What you need to do
Copy out the entire listing precisely.

Dataset records
★ ★ ★ ★

lemma connected_finite_groupoid_card_Hom_const:
  assumes "finite_groupoid Ob Hom cmp ident iv" and "connected_groupoid Ob Hom"
  obtains k where "\<And>x y. x \<in> Ob \<Longrightarrow> y \<in> Ob \<Longrightarrow> card (Hom x y) = k"
proof (cases "Ob = {}")
  case False
  then obtain x0 where x0: "x0 \<in> Ob" by blast
  have G: "groupoid Ob Hom cmp ident iv"
    and fin: "\<And>x y. x \<in> Ob \<Longrightarrow> y \<in> Ob \<Longrightarrow> finite (Hom x y)"
    using assms(1) unfolding finite_groupoid_def by auto
  have arrow: "\<exists>f. f \<in> Hom x y" if "x \<in> Ob" "y \<in> Ob" for x y
    using assms(2) that unfolding connected_groupoid_def by blast
  have "card (Hom x y) = card (Hom x0 x0)" if xy: "x \<in> Ob" "y \<in> Ob" for x y
  proof (rule antisym)
    obtain g h where "g \<in> Hom x0 x" "h \<in> Hom y x0"
      using arrow xy x0 by blast
    then show "card (Hom x y) \<le> card (Hom x0 x0)"
      using fin[OF x0 x0] by (rule groupoid_card_Hom_le[OF G, rotated])
    obtain g' h' where "g' \<in> Hom x x0" "h' \<in> Hom x0 y"
      using arrow xy x0 by blast
    then show "card (Hom x0 x0) \<le> card (Hom x y)"
      using fin[OF xy] by (rule groupoid_card_Hom_le[OF G, rotated])
  qed
  then show ?thesis by (rule that)
qed (use that in blast)

lemma adj_matrix_const:
  assumes enum: "bij_betw enum {0..<card Ob} Ob"
    and k: "\<And>x y. x \<in> Ob \<Longrightarrow> y \<in> Ob \<Longrightarrow> card (Hom x y) = k"
  shows "adj_matrix Ob Hom enum = mat (card Ob) (card Ob) (\<lambda>_. k)"
proof -
  have "enum i \<in> Ob" if "i < card Ob" for i
    using bij_betwE[OF enum] that by simp
  then show ?thesis
    unfolding adj_matrix_def by (intro eq_matI) (simp_all add: k)
qed

theorem corollary2p14:
  fixes Ob :: "'o set" and Hom :: "'o \<Rightarrow> 'o \<Rightarrow> 'm set"
    and cmp :: "'m \<Rightarrow> 'm \<Rightarrow> 'm" and ident :: "'o \<Rightarrow> 'm" and iv :: "'m \<Rightarrow> 'm"
    and enum :: "nat \<Rightarrow> 'o"
  assumes "finite_groupoid Ob Hom cmp ident iv"
    and "connected_groupoid Ob Hom"
    and "bij_betw enum {0..<card Ob} Ob"
  shows "quiver_QYBE (adj_matrix Ob Hom enum)"
proof -
  obtain k where "\<And>x y. x \<in> Ob \<Longrightarrow> y \<in> Ob \<Longrightarrow> card (Hom x y) = k"
    using connected_finite_groupoid_card_Hom_const[OF assms(1,2)] by blast
  then have A: "adj_matrix Ob Hom enum = mat (card Ob) (card Ob) (\<lambda>_. k)"
    using adj_matrix_const[OF assms(3)] by blast
  show ?thesis
    unfolding quiver_QYBE_def A kron_const_mat by (simp add: QYBE_const_mat)
qed

end
text \<open>A single cell average is \<open>0\<close> with probability \<open>e\<^sup>-\<^sup>\<mu>\<close> and otherwise the mean of
  Poisson many \<open>\<sigma>\<^sup>2\<close>-sub-Gaussian observations of its entry, so its centred moment generating
  function is at most \<open>exp (2 \<lambda>\<^sub>1 max(1,\<sigma>)\<^sup>2 t\<^sup>2)\<close> for small \<open>t\<close>. The cells of a column are
  independent, hence a Chernoff bound and a union bound over the \<open>2 n d\<close> one-sided deviation events
  show that, with the required probability, every block mean of the averaged observations is within
  \<open>\<rho> \<surd>(\<lambda>\<^sub>1/|E\<^sub>s|)\<close> of \<open>\<lambda>\<^sub>1\<close> times the corresponding block mean of \<open>M\<close>.

  On that event the claim is deterministic. Since \<open>M\<close> is bi-isotonic and the active blocks are
  ordered, a column of \<open>Q\<^sup>*(E\<^sub>s)\<close> has large entries in every earlier active block and small
  entries in every later one, so it passes both tests defining \<open>Q\<^sub>s\<close>. Conversely a column lies in
  at most two envelopes: for three of them, the block after the first would have column mean below
  \<open>p\<close> and the block before the third column mean above \<open>p\<close>, against monotonicity. Hence
  \<open>\<Sum>|Q\<^sub>s| \<le> 2d\<close>.\<close>

section \<open>Moment generating function of a single cell\<close>

lemma exp_le_1_plus_self_plus_sq:
  fixes x :: real
  assumes "x \<le> 1"
  shows "exp x \<le> 1 + x + x\<^sup>2"
proof (cases "0 \<le> x")
  case True
  then show ?thesis using exp_bound assms by blast
next
  case False
  define y where "y = - x"
  have y: "0 < y" using False y_def by simp
  have "exp x = 1 / exp y" by (simp add: y_def exp_minus field_simps)
  also have "\<dots> \<le> 1 / (1 + y)" using y by (intro divide_left_mono) auto
  also have "\<dots> \<le> 1 - y + y\<^sup>2" using y by (simp add: field_simps power2_eq_square)
  finally show ?thesis by (simp add: y_def)
qed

★ ★ ★ ★

Expected answer
lemma connected_finite_groupoid_card_Hom_const:
  assumes "finite_groupoid Ob Hom cmp ident iv" and "connected_groupoid Ob Hom"
  obtains k where "\<And>x y. x \<in> Ob \<Longrightarrow> y \<in> Ob \<Longrightarrow> card (Hom x y) = k"
proof (cases "Ob = {}")
  case False
  then obtain x0 where x0: "x0 \<in> Ob" by blast
  have G: "groupoid Ob Hom cmp ident iv"
    and fin: "\<And>x y. x \<in> Ob \<Longrightarrow> y \<in> Ob \<Longrightarrow> finite (Hom x y)"
    using assms(1) unfolding finite_groupoid_def by auto
  have arrow: "\<exists>f. f \<in> Hom x y" if "x \<in> Ob" "y \<in> Ob" for x y
    using assms(2) that unfolding connected_groupoid_def by blast
  have "card (Hom x y) = card (Hom x0 x0)" if xy: "x \<in> Ob" "y \<in> Ob" for x y
  proof (rule antisym)
    obtain g h where "g \<in> Hom x0 x" "h \<in> Hom y x0"
      using arrow xy x0 by blast
    then show "card (Hom x y) \<le> card (Hom x0 x0)"
      using fin[OF x0 x0] by (rule groupoid_card_Hom_le[OF G, rotated])
    obtain g' h' where "g' \<in> Hom x x0" "h' \<in> Hom x0 y"
      using arrow xy x0 by blast
    then show "card (Hom x0 x0) \<le> card (Hom x y)"
      using fin[OF xy] by (rule groupoid_card_Hom_le[OF G, rotated])
  qed
  then show ?thesis by (rule that)
qed (use that in blast)

lemma adj_matrix_const:
  assumes enum: "bij_betw enum {0..<card Ob} Ob"
    and k: "\<And>x y. x \<in> Ob \<Longrightarrow> y \<in> Ob \<Longrightarrow> card (Hom x y) = k"
  shows "adj_matrix Ob Hom enum = mat (card Ob) (card Ob) (\<lambda>_. k)"
proof -
  have "enum i \<in> Ob" if "i < card Ob" for i
    using bij_betwE[OF enum] that by simp
  then show ?thesis
    unfolding adj_matrix_def by (intro eq_matI) (simp_all add: k)
qed

theorem corollary2p14:
  fixes Ob :: "'o set" and Hom :: "'o \<Rightarrow> 'o \<Rightarrow> 'm set"
    and cmp :: "'m \<Rightarrow> 'm \<Rightarrow> 'm" and ident :: "'o \<Rightarrow> 'm" and iv :: "'m \<Rightarrow> 'm"
    and enum :: "nat \<Rightarrow> 'o"
  assumes "finite_groupoid Ob Hom cmp ident iv"
    and "connected_groupoid Ob Hom"
    and "bij_betw enum {0..<card Ob} Ob"
  shows "quiver_QYBE (adj_matrix Ob Hom enum)"
proof -
  obtain k where "\<And>x y. x \<in> Ob \<Longrightarrow> y \<in> Ob \<Longrightarrow> card (Hom x y) = k"
    using connected_finite_groupoid_card_Hom_const[OF assms(1,2)] by blast
  then have A: "adj_matrix Ob Hom enum = mat (card Ob) (card Ob) (\<lambda>_. k)"
    using adj_matrix_const[OF assms(3)] by blast
  show ?thesis
    unfolding quiver_QYBE_def A kron_const_mat by (simp add: QYBE_const_mat)
qed

end
text \<open>A single cell average is \<open>0\<close> with probability \<open>e\<^sup>-\<^sup>\<mu>\<close> and otherwise the mean of
  Poisson many \<open>\<sigma>\<^sup>2\<close>-sub-Gaussian observations of its entry, so its centred moment generating
  function is at most \<open>exp (2 \<lambda>\<^sub>1 max(1,\<sigma>)\<^sup>2 t\<^sup>2)\<close> for small \<open>t\<close>. The cells of a column are
  independent, hence a Chernoff bound and a union bound over the \<open>2 n d\<close> one-sided deviation events
  show that, with the required probability, every block mean of the averaged observations is within
  \<open>\<rho> \<surd>(\<lambda>\<^sub>1/|E\<^sub>s|)\<close> of \<open>\<lambda>\<^sub>1\<close> times the corresponding block mean of \<open>M\<close>.

  On that event the claim is deterministic. Since \<open>M\<close> is bi-isotonic and the active blocks are
  ordered, a column of \<open>Q\<^sup>*(E\<^sub>s)\<close> has large entries in every earlier active block and small
  entries in every later one, so it passes both tests defining \<open>Q\<^sub>s\<close>. Conversely a column lies in
  at most two envelopes: for three of them, the block after the first would have column mean below
  \<open>p\<close> and the block before the third column mean above \<open>p\<close>, against monotonicity. Hence
  \<open>\<Sum>|Q\<^sub>s| \<le> 2d\<close>.\<close>

section \<open>Moment generating function of a single cell\<close>

lemma exp_le_1_plus_self_plus_sq:
  fixes x :: real
  assumes "x \<le> 1"
  shows "exp x \<le> 1 + x + x\<^sup>2"
proof (cases "0 \<le> x")
  case True
  then show ?thesis using exp_bound assms by blast
next
  case False
  define y where "y = - x"
  have y: "0 < y" using False y_def by simp
  have "exp x = 1 / exp y" by (simp add: y_def exp_minus field_simps)
  also have "\<dots> \<le> 1 / (1 + y)" using y by (intro divide_left_mono) auto
  also have "\<dots> \<le> 1 - y + y\<^sup>2" using y by (simp add: field_simps power2_eq_square)
  finally show ?thesis by (simp add: y_def)
qed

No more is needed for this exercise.